Until now, most Indigneous territories in Canada have been omitted from Google Maps, but a new initiative from the company has begun to change that. More than 3,000 Indigenous lands and territories have been added to Google Maps and Earth.

Over the past seven years Google Earth Outreach has partnered with Indigenous communities, government-sourced data repositories, and experts such as Steve DeRoy from the Firelight Group to gather information to include in the maps.

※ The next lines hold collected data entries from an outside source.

lemma exists_graph_tower_large_aggregators:
  fixes i :: nat
  shows "\<exists>G. simple_graph G \<and> card (fst G) = 2 ^ 2 ^ 2 ^ (i + 3) \<and>
    (\<forall>\<rho> Ss. let n = card (fst G) in
       8 / log 2 (real n) \<le> \<rho> \<longrightarrow> dense_aggregator \<rho> G Ss \<longrightarrow>
       real n powr (3 * log 2 (real n) / (8 * log 2 (log 2 (real n)))) \<le> real (length Ss))"
proof -
  define j :: nat where "j = 2 ^ (i + 3)"
  \<comment> \<open>\<open>j\<close> is a power of two, so that \<open>k = 2^j / j\<close> is an integer\<close>
  define k :: nat where "k = 2 ^ (j - (i + 3))"
  define a :: nat where "a = 2 ^ j"
  have "i + 1 \<le> 2 ^ i" using less_exp[of i] by linarith
  then have ij: "i + 8 \<le> j" unfolding j_def by (simp add: power_add)
  have j: "j \<ge> 2" using ij by simp
  have "(2::nat) ^ 5 \<le> k" unfolding k_def using ij by (intro power_increasing) auto
  then have k: "k \<ge> 32" by simp
  have ajk: "a = j * k"
    unfolding a_def j_def k_def using ij by (simp add: power_add[symmetric] j_def)
  obtain G where G: "simple_graph G" "card (fst G) = 2 ^ a"
    and bound: "\<forall>\<rho> Ss. 8 / real a \<le> \<rho> \<longrightarrow> dense_aggregator \<rho> G Ss \<longrightarrow>
                  2 powr (3 * real a * real k / 8) \<le> real (length Ss)"
    using tower_graph_large_aggregators[OF j k ajk a_def] by blast
  have "j > 0" using j by simp
  note exponent = tower_exponent[OF this ajk a_def]
  have log_n: "log 2 (real (2 ^ a)) = real a"
    by (simp add: log_nat_power)
  show ?thesis
  proof (intro exI conjI)
    show "card (fst G) = 2 ^ 2 ^ 2 ^ (i + 3)" using G(2) unfolding a_def j_def .
    show "\<forall>\<rho> Ss. let n = card (fst G) in
       8 / log 2 (real n) \<le> \<rho> \<longrightarrow> dense_aggregator \<rho> G Ss \<longrightarrow>
       real n powr (3 * log 2 (real n) / (8 * log 2 (log 2 (real n)))) \<le> real (length Ss)"
      unfolding Let_def G(2) exponent unfolding log_n by (rule bound)
  qed (rule G(1))
qed

theorem theorem4p1:
  shows "\<exists>(c::real) > 0. \<exists>\<G> :: graph set. \<exists>s :: nat \<Rightarrow> real.
    (\<forall>G\<in>\<G>. simple_graph G) \<and>
    infinite {n. \<exists>G\<in>\<G>. card (fst G) = n} \<and>
    (\<forall>n. s n > 0) \<and> ((\<lambda>n. s n / real n) \<longlonglongrightarrow> 0) \<and>
    (\<forall>G\<in>\<G>. \<forall>\<rho>::real. \<forall>Ss. let n = card (fst G) in
       \<rho> \<ge> c / log 2 (real n) \<longrightarrow> dense_aggregator \<rho> G Ss \<longrightarrow>
       real (length Ss) \<ge>
         real n powr (3 * log 2 (real n) / (8 * log 2 (log 2 (real n)))) / s n)"
proof -
  define \<G> where "\<G> = {G. simple_graph G \<and> (\<forall>\<rho> Ss. let n = card (fst G) in
       8 / log 2 (real n) \<le> \<rho> \<longrightarrow> dense_aggregator \<rho> G Ss \<longrightarrow>
       real n powr (3 * log 2 (real n) / (8 * log 2 (log 2 (real n)))) \<le> real (length Ss))}"
  have "range (\<lambda>i. 2 ^ 2 ^ 2 ^ (i + 3)) \<subseteq> {n. \<exists>G\<in>\<G>. card (fst G) = n}"
    using exists_graph_tower_large_aggregators unfolding \<G>_def by fastforce
  moreover have "infinite (range (\<lambda>i::nat. 2 ^ 2 ^ 2 ^ (i + 3) :: nat))"
    by (rule range_inj_infinite) (simp add: inj_def)
  ultimately have sizes: "infinite {n. \<exists>G\<in>\<G>. card (fst G) = n}"
    using infinite_super by blast
  show ?thesis
  proof (intro exI[of _ "8::real"] exI[of _ \<G>] exI[of _ "\<lambda>_. 1 :: real"] conjI)
    show "(\<lambda>n. 1 / real n) \<longlonglongrightarrow> 0" by (rule lim_1_over_n)
  qed (use sizes in \<open>auto simp: \<G>_def\<close>)
qed

end
lemma optimal_unique_or_infinite:
  fixes vD vU :: "'x::finite \<Rightarrow> 'th::finite \<Rightarrow> 'a::finite \<Rightarrow> real"
  shows "(\<exists>!\<pi>. optimal vD vU bD p0 \<pi>) \<or> infinite {\<pi>. optimal vD vU bD p0 \<pi>}"
proof (cases "\<exists>!\<pi>. optimal vD vU bD p0 \<pi>")
  case False
  moreover obtain \<pi>0 where "optimal vD vU bD p0 \<pi>0"
    using ex_optimal by blast
  ultimately obtain \<pi>1 \<pi>2 where opt1: "optimal vD vU bD p0 \<pi>1"
    and opt2: "optimal vD vU bD p0 \<pi>2" and "\<pi>1 \<noteq> \<pi>2"
    by blast
  then obtain x s where xs: "\<pi>1 x s \<noteq> \<pi>2 x s"
    by (metis ext)
  define seg where "seg t = (\<lambda>x s. (1 - t) * \<pi>1 x s + t * \<pi>2 x s)" for t :: real
  have same_value: "vbarD vD bD p0 \<pi>1 = vbarD vD bD p0 \<pi>2"
    using opt1 opt2 unfolding optimal_def by (meson order_antisym)
  have "seg ` {0..1} \<subseteq> {\<pi>. optimal vD vU bD p0 \<pi>}"
  proof (rule image_subsetI)
    fix t :: real assume "t \<in> {0..1}"
    then have t: "0 \<le> t" "t \<le> 1" by simp_all
    have "credible vU p0 (seg t)"
      unfolding seg_def using opt1 opt2 t by (simp add: credible_convex_comb optimal_def)
    moreover have "vbarD vD bD p0 (seg t) = vbarD vD bD p0 \<pi>1"
      unfolding seg_def vbarD_add vbarD_mult same_value by (simp add: algebra_simps)
    ultimately show "seg t \<in> {\<pi>. optimal vD vU bD p0 \<pi>}"
      using optimal_if_dominates_optimal[OF opt1] by simp
  qed
  moreover have "inj_on seg {0..1}"
  proof
    fix t t' assume "seg t = seg t'"
    then have "seg t x s = seg t' x s"
      by simp
    then have "(t - t') * (\<pi>2 x s - \<pi>1 x s) = 0"
      unfolding seg_def by (simp add: algebra_simps)
    with xs show "t = t'" by simp
  qed
  moreover have "infinite {0..1::real}"
    by (simp add: infinite_Icc)
  ultimately show ?thesis
    by (meson finite_imageD infinite_super)
qed simp
lemma measure_cone_Int_cball:
  fixes C :: "'a::euclidean_space set"
  assumes cone: "\<And>x s. x \<in> C \<Longrightarrow> s > 0 \<Longrightarrow> s *\<^sub>R x \<in> C" and "a \<ge> 0"
  shows "measure lebesgue (C \<inter> cball 0 a) = a ^ DIM('a) * measure lebesgue (C \<inter> cball 0 1)"
proof (cases "a = 0")
  case True
  then have "C \<inter> cball 0 a \<subseteq> {0}"
    by auto
  then have "measure lebesgue (C \<inter> cball 0 a) = 0"
    by (meson negligible_imp_measure0 negligible_sing negligible_subset)
  with True show ?thesis
    by simp
next
  case False
  with \<open>a \<ge> 0\<close> have a: "a > 0"
    by simp
  have "C \<inter> cball 0 a = (\<lambda>x. a *\<^sub>R x + 0) ` (C \<inter> cball 0 1)"
  proof (intro equalityI subsetI)
    fix y
    assume y: "y \<in> C \<inter> cball 0 a"
    then have "(1 / a) *\<^sub>R y \<in> C \<inter> cball 0 1"
      using a cone[of y "1 / a"] by (auto simp: field_simps)
    moreover have "y = a *\<^sub>R ((1 / a) *\<^sub>R y) + 0"
      using a by simp
    ultimately show "y \<in> (\<lambda>x. a *\<^sub>R x + 0) ` (C \<inter> cball 0 1)"
      by blast
  next
    fix y
    assume "y \<in> (\<lambda>x. a *\<^sub>R x + 0) ` (C \<inter> cball 0 1)"
    then obtain x where "x \<in> C" "norm x \<le> 1" "y = a *\<^sub>R x"
      by auto
    then show "y \<in> C \<inter> cball 0 a"
      using a cone[of x a] by (auto simp: mult_left_le)
  qed
  then show ?thesis
    using measure_lebesgue_affine[of a 0 "C \<inter> cball 0 1"] a by simp
qed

DeRoy, an Anishinaabe cartographer and member of the Ebb and Flow First Nation in Manitoba, says the project has multiple layers of use, one of which is to address identity. “Most people who explore maps like to see their home on those maps,” he says.

But Indigenous communities aren’t always represented, which led DeRoy to ask himself how he could help get these lands recognized on Google’s base maps so when they do that search they can find where they come from.

The need to officially include these lands on Google Maps became increasingly clear after Google began running Indigenous mapping workshops in 2010, which gave Indigenous peoples the tools and training to map their home territories. Some started asking why these weren’t included on Google platforms so the company set out to fix that, with DeRoy acting as an advisor.

The project follows Google’s recent inclusion of Indigenous territories in the United States and Brazil, and involved a long-term process of dialogue and data collection. All of the added territories are federally recognized First Nations reserves and treaty settlements and are searchable on Google Maps, outlined in red and labelled according to current data. This data is largely from government agencies such as Northern Affairs Canada and Natural Resources Canada, who provided the bulk of the information. “Now when you go to Google Maps and Google Earth you’ll be able to see that data actually as part of the maps,” says DeRoy.

The initiative is an important step in the right direction as the country celebrates its sesquicentennial. “We’re talking about thousands of years of occupation of Indigenous people in North America, and to be recognized on those maps—it’s one step closer towards reconciliation.”

The project is an ongoing process, and those communities who would like to add their lands to the maps or update existing areas are encouraged to reach out to those involved in the project.

For now, DeRoy is hoping to inspire other regions to follow suit: “I would love to see this on a global scale,” he says.